Le RGPD encadre les traitements de données personnelles. En France, l’article 82 de la loi Informatique et Libertés encadre les traceurs. Le DMA et le DSA imposent des obligations aux grandes plateformes et aux contrôleurs d’accès. La politique Google ajoute ses conditions contractuelles. Le mode Consentement transmet un choix à Google : il ne recueille pas ce choix et ne prouve jamais, seul, la conformité.
Votre suivi Google Ads superpose droit, contrat et technique. Une bannière peut être bien dessinée alors que les balises partent trop tôt. À l’inverse, un signal correctement transmis à Google ne démontre ni la validité du consentement, ni la licéité de tous les traitements en aval.
ad_user_data et ad_personalization portent respectivement sur l’envoi de données utilisateur à Google à des fins publicitaires et sur la publicité personnalisée. Le mécanisme ne recueille pas le consentement. Selon la documentation Google mise à jour le 17 avril 2026, le mode basique bloque les balises Google avant le choix et le mode avancé les charge avec des états initiaux, généralement refusés, puis peut envoyer des mesures sans cookies.Le mode Consentement v2, basique ou avancé, est une option technique Google. La loi ne vous impose ni ce nom de produit ni cette interface. Google l’utilise pour recevoir les signaux prévus par sa politique européenne de consentement et pour déterminer les fonctions de mesure, de listes ou de personnalisation disponibles.
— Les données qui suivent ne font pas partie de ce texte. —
(* Let $(N_r)_{r\in\mathbb{Z}}$ be the Narayana sequence, let $a,b,r$ be integers with $1\le b\le a$ and $m=ar+b>a$. Then for every integer $s\ge 0$ there exist integers $\alpha,\beta,\gamma$ such that $$N_{ar+b}=\alpha N_{a(s+2)+b}+\beta N_{a(s+1)+b}+\gamma N_{as+b};$$ in particular (taking $s=0$) $N_m$ is an integer linear combination of $N_{2a+b}$, $N_{a+b}$ and $N_b$.
   Context: The Narayana sequence $(N_r)_{r\in\mathbb{Z}}$ is defined by $N_0=0$, $N_1=N_2=1$ and $N_r=N_{r-1}+N_{r-3}$ for all integers $r$ (extended to negative indices via $N_{r-3}=N_r-N_{r-1}$). The numbers $N_b, N_{a+b}, N_{2a+b},\dots$ are the entries of the $b$-th column of the table whose rows are $(N_{ka+1},\dots,N_{ka+a})$, $k=0,1,2,\dots$; the claim says $N_{ar+b}$ is an integer combination of any three consecutive entries of this column. *)

theory Defs
  imports Main
begin

fun nar_pos :: "nat \<Rightarrow> int" where
  "nar_pos 0 = 0"
| "nar_pos (Suc 0) = 1"
| "nar_pos (Suc (Suc 0)) = 1"
| "nar_pos (Suc (Suc (Suc n))) = nar_pos (Suc (Suc n)) + nar_pos n"

text \<open>nar_neg n is N at index -n, via N(r-3) = N(r) - N(r-1).\<close>
fun nar_neg :: "nat \<Rightarrow> int" where
  "nar_neg 0 = 0"
| "nar_neg (Suc 0) = 0"
| "nar_neg (Suc (Suc 0)) = 1"
| "nar_neg (Suc (Suc (Suc n))) = nar_neg n - nar_neg (Suc n)"

definition narayana :: "int \<Rightarrow> int" where
  "narayana r = (if r \<ge> 0 then nar_pos (nat r) else nar_neg (nat (- r)))"

end

theory Submission
  imports Defs
begin

text \<open>Shifting the index by a multiplies the vector (N n, N (n+1), N (n+2)) by a fixed integer
  3x3 matrix M, a power of the companion matrix, hence of determinant 1. By Cayley-Hamilton the
  subsequence h k = N (a k + b) then satisfies h (k+3) = t h (k+2) - c h (k+1) + h k with
  integers t, c; as the last coefficient is a unit the recurrence can be run in both directions,
  so every h r lies in the integer span of any three consecutive values.\<close>

lemma narayana_of_nat: "narayana (int n) = nar_pos n"
  by (simp add: narayana_def)

lemma narayana_neg_of_nat: "narayana (- int n) = nar_neg n"
  by (cases n) (simp_all add: narayana_def nat_add_distrib)

lemma narayana_rec: "narayana (n + 3) = narayana (n + 2) + narayana n"
proof -
  consider m where "n = int m" | "n = -1" | "n = -2" | m where "n = - int m - 3"
  proof -
    have "n \<ge> 0 \<or> n = -1 \<or> n = -2 \<or> n = - int (nat (- n - 3)) - 3" by auto
    then show ?thesis using that by (metis nonneg_eq_int)
  qed
  then show ?thesis
  proof cases
    case (1 m)
    have "int m + 3 = int (Suc (Suc (Suc m)))" "int m + 2 = int (Suc (Suc m))" by simp_all
    then show ?thesis by (simp only: 1 narayana_of_nat) simp
  next
    case 2
    then show ?thesis by (simp add: narayana_def numeral_eq_Suc)
  next
    case 3
    then show ?thesis by (simp add: narayana_def numeral_eq_Suc)
  next
    case (4 m)
    have "n + 3 = - int m" "n + 2 = - int (Suc m)" "n = - int (Suc (Suc (Suc m)))"
      using 4 by simp_all
    then show ?thesis by (simp only: narayana_neg_of_nat) simp
  qed
qed

definition int_span3 :: "int \<Rightarrow> int \<Rightarrow> int \<Rightarrow> int set" where
  "int_span3 x y z = {\<alpha> * x + \<beta> * y + \<gamma> * z | \<alpha> \<beta> \<gamma>. True}"

lemma int_span3_generators: "x \<in> int_span3 x y z" "y \<in> int_span3 x y z" "z \<in> int_span3 x y z"
  unfolding int_span3_def
  by (force intro: exI[of _ 1] exI[of _ 0])+

lemma int_span3_lincomb:
  assumes "u \<in> int_span3 x y z" "v \<in> int_span3 x y z" "w \<in> int_span3 x y z"
  shows "p * u + q * v + r * w \<in> int_span3 x y z"
proof -
  obtain \<alpha>1 \<beta>1 \<gamma>1 \<alpha>2 \<beta>2 \<gamma>2 \<alpha>3 \<beta>3 \<gamma>3 where
    "u = \<alpha>1 * x + \<beta>1 * y + \<gamma>1 * z" "v = \<alpha>2 * x + \<beta>2 * y + \<gamma>2 * z" "w = \<alpha>3 * x + \<beta>3 * y + \<gamma>3 * z"
    using assms unfolding int_span3_def by blast
  then have "p * u + q * v + r * w = (p * \<alpha>1 + q * \<alpha>2 + r * \<alpha>3) * x
      + (p * \<beta>1 + q * \<beta>2 + r * \<beta>3) * y + (p * \<gamma>1 + q * \<gamma>2 + r * \<gamma>3) * z"
    by (simp add: algebra_simps)
  then show ?thesis unfolding int_span3_def by blast
qed

lemma unimodular_recurrence_in_int_span3:
  fixes h :: "int \<Rightarrow> int"
  assumes rec: "\<And>k. h (k + 3) = p * h (k + 2) + q * h (k + 1) + h k"
  shows "h r \<in> int_span3 (h (s + 2)) (h (s + 1)) (h s)"
proof -
  let ?S = "int_span3 (h (s + 2)) (h (s + 1)) (h s)"
  have "h (s + j) \<in> ?S \<and> h (s + j + 1) \<in> ?S \<and> h (s + j + 2) \<in> ?S" for j
  proof (induction j rule: int_induct[where k = 0])
    case base
    then show ?case by (simp add: int_span3_generators)
  next
    case (step1 j)
    have "h (s + j + 3) = p * h (s + j + 2) + q * h (s + j + 1) + 1 * h (s + j)"
      using rec[of "s + j"] by (simp add: add.assoc)
    then have "h (s + j + 3) \<in> ?S"
      using step1 int_span3_lincomb by presburger
    with step1 show ?case by (simp add: add.assoc)
  next
    case (step2 j)
    have "h (s + j - 1) = 1 * h (s + j + 2) + (- p) * h (s + j + 1) + (- q) * h (s + j)"
      using rec[of "s + j - 1"] by (simp add: algebra_simps)
    then have "h (s + j - 1) \<in> ?S"
      using step2 int_span3_lincomb by presburger
    with step2 show ?case by (simp add: algebra_simps)
  qed
  from this[of "r - s"] show ?thesis by simp
qed

datatype mat3 = Mat3 int int int int int int int int int

fun mat3_apply :: "mat3 \<Rightarrow> int \<times> int \<times> int \<Rightarrow> int \<times> int \<times> int" where
  "mat3_apply (Mat3 a b c d e f g h i) (x, y, z) =
     (a * x + b * y + c * z, d * x + e * y + f * z, g * x + h * y + i * z)"

fun det3 :: "mat3 \<Rightarrow> int" where
  "det3 (Mat3 a b c d e f g h i) = a * (e * i - f * h) - b * (d * i - f * g) + c * (d * h - e * g)"

fun trace3 :: "mat3 \<Rightarrow> int" where
  "trace3 (Mat3 a b c d e f g h i) = a + e + i"

fun principal_minors3 :: "mat3 \<Rightarrow> int" where
  "principal_minors3 (Mat3 a b c d e f g h i) = (a * e - b * d) + (a * i - c * g) + (e * i - f * h)"

lemma mat3_cayley_hamilton_fst:
  "fst (mat3_apply M (mat3_apply M (mat3_apply M v))) =
     trace3 M * fst (mat3_apply M (mat3_apply M v)) - principal_minors3 M * fst (mat3_apply M v)
     + det3 M * fst v"
  by (cases M; cases v) (simp add: algebra_simps)

text \<open>Left multiplication by the companion matrix ((0,1,0),(0,0,1),(1,0,1)) of the Narayana
  recurrence.\<close>

fun companion_mult :: "mat3 \<Rightarrow> mat3" where
  "companion_mult (Mat3 a b c d e f g h i) = Mat3 d e f g h i (a + g) (b + h) (c + i)"

lemma det3_companion_mult: "det3 (companion_mult M) = det3 M"
  by (cases M) (simp add: algebra_simps)

lemma mat3_apply_companion_mult:
  "mat3_apply (companion_mult M) v = (case mat3_apply M v of (x, y, z) \<Rightarrow> (y, z, x + z))"
  by (cases M; cases v) (simp add: algebra_simps)

definition window3 :: "(int \<Rightarrow> int) \<Rightarrow> int \<Rightarrow> int \<times> int \<times> int" where
  "window3 f n = (f n, f (n + 1), f (n + 2))"

lemma narayana_recurrence_shift_matrix:
  fixes f :: "int \<Rightarrow> int"
  assumes rec: "\<And>n. f (n + 3) = f (n + 2) + f n"
  shows "\<exists>M. det3 M = 1 \<and> (\<forall>n. window3 f (n + int a) = mat3_apply M (window3 f n))"
proof (induction a)
  case 0
  show ?case
    by (rule exI[of _ "Mat3 1 0 0 0 1 0 0 0 1"]) (simp add: window3_def)
next
  case (Suc a)
  then obtain M where M: "det3 M = 1" "\<And>n. window3 f (n + int a) = mat3_apply M (window3 f n)"
    by blast
  have window3_step: "window3 f (n + 1) = (case window3 f n of (x, y, z) \<Rightarrow> (y, z, x + z))" for n
    using rec[of n] by (simp add: window3_def add.assoc)
  have "window3 f (n + int (Suc a)) = mat3_apply (companion_mult M) (window3 f n)" for n
    using window3_step[of "n + int a"] M(2)[of n]
    by (simp add: mat3_apply_companion_mult ac_simps)
  with M(1) show ?case
    by (metis det3_companion_mult)
qed

lemma arithmetic_subsequence_recurrence:
  fixes v :: "int \<Rightarrow> int \<times> int \<times> int"
  assumes shift: "\<And>n. v (n + a) = mat3_apply M (v n)"
  shows "fst (v (a * (k + 3) + b)) = trace3 M * fst (v (a * (k + 2) + b))
           - principal_minors3 M * fst (v (a * (k + 1) + b)) + det3 M * fst (v (a * k + b))"
proof -
  have step: "v (a * (j + 1) + b) = mat3_apply M (v (a * j + b))" for j
    using shift[of "a * j + b"] by (simp add: algebra_simps)
  have "v (a * (k + 1) + b) = mat3_apply M (v (a * k + b))"
    using step[of k] .
  moreover have "v (a * (k + 2) + b) = mat3_apply M (mat3_apply M (v (a * k + b)))"
    using step[of "k + 1"] step[of k] by (simp add: add.assoc)
  moreover have "v (a * (k + 3) + b) = mat3_apply M (mat3_apply M (mat3_apply M (v (a * k + b))))"
    using step[of "k + 2"] step[of "k + 1"] step[of k] by (simp add: add.assoc)
  ultimately show ?thesis
    by (simp only: mat3_cayley_hamilton_fst)
qed

theorem theorem5:
  fixes a b r :: int
  assumes "1 \<le> b" and "b \<le> a" and "a * r + b > a"
  shows "\<forall>s::int. s \<ge> 0 \<longrightarrow>
           (\<exists>\<alpha> \<beta> \<gamma> :: int. narayana (a * r + b) =
              \<alpha> * narayana (a * (s + 2) + b) + \<beta> * narayana (a * (s + 1) + b)
              + \<gamma> * narayana (a * s + b))"
proof (intro allI impI)
  fix s :: int
  have "a \<ge> 0" using assms(1,2) by simp
  obtain M where M: "det3 M = 1" "\<And>n. window3 narayana (n + a) = mat3_apply M (window3 narayana n)"
    using narayana_recurrence_shift_matrix[OF narayana_rec, of "nat a"] \<open>a \<ge> 0\<close> by auto
  define h where "h k = narayana (a * k + b)" for k
  have "h (k + 3) = trace3 M * h (k + 2) + (- principal_minors3 M) * h (k + 1) + h k" for k
    using arithmetic_subsequence_recurrence[where v = "window3 narayana", OF M(2), of k b] M(1)
    by (simp add: h_def window3_def)
  then have "h r \<in> int_span3 (h (s + 2)) (h (s + 1)) (h s)"
    by (rule unimodular_recurrence_in_int_span3)
  then show "\<exists>\<alpha> \<beta> \<gamma> :: int. narayana (a * r + b) =
              \<alpha> * narayana (a * (s + 2) + b) + \<beta> * narayana (a * (s + 1) + b)
              + \<gamma> * narayana (a * s + b)"
    by (simp add: h_def int_span3_def)
qed

end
Le hachage SHA-256 des conversions améliorées répond à un besoin de rapprochement et de sécurité. Une adresse électronique hachée de façon déterministe reste toutefois une donnée personnelle pseudonymisée : Google peut la rapprocher d’une valeur connue. Le hachage ne remplace donc ni finalité, ni base légale, ni minimisation, ni durée de conservation.
Chaque réglage de la chaîne de suivi publicitaire doit être rattaché à une finalité et à un rôle documentés. Google peut être sous-traitant pour certains services et responsable pour d’autres usages ; le statut de contrôleur d’accès au sens du DMA ne répond pas à cette question RGPD. Vérifiez le produit, la fonction, les paramètres activés et les conditions contractuelles applicables.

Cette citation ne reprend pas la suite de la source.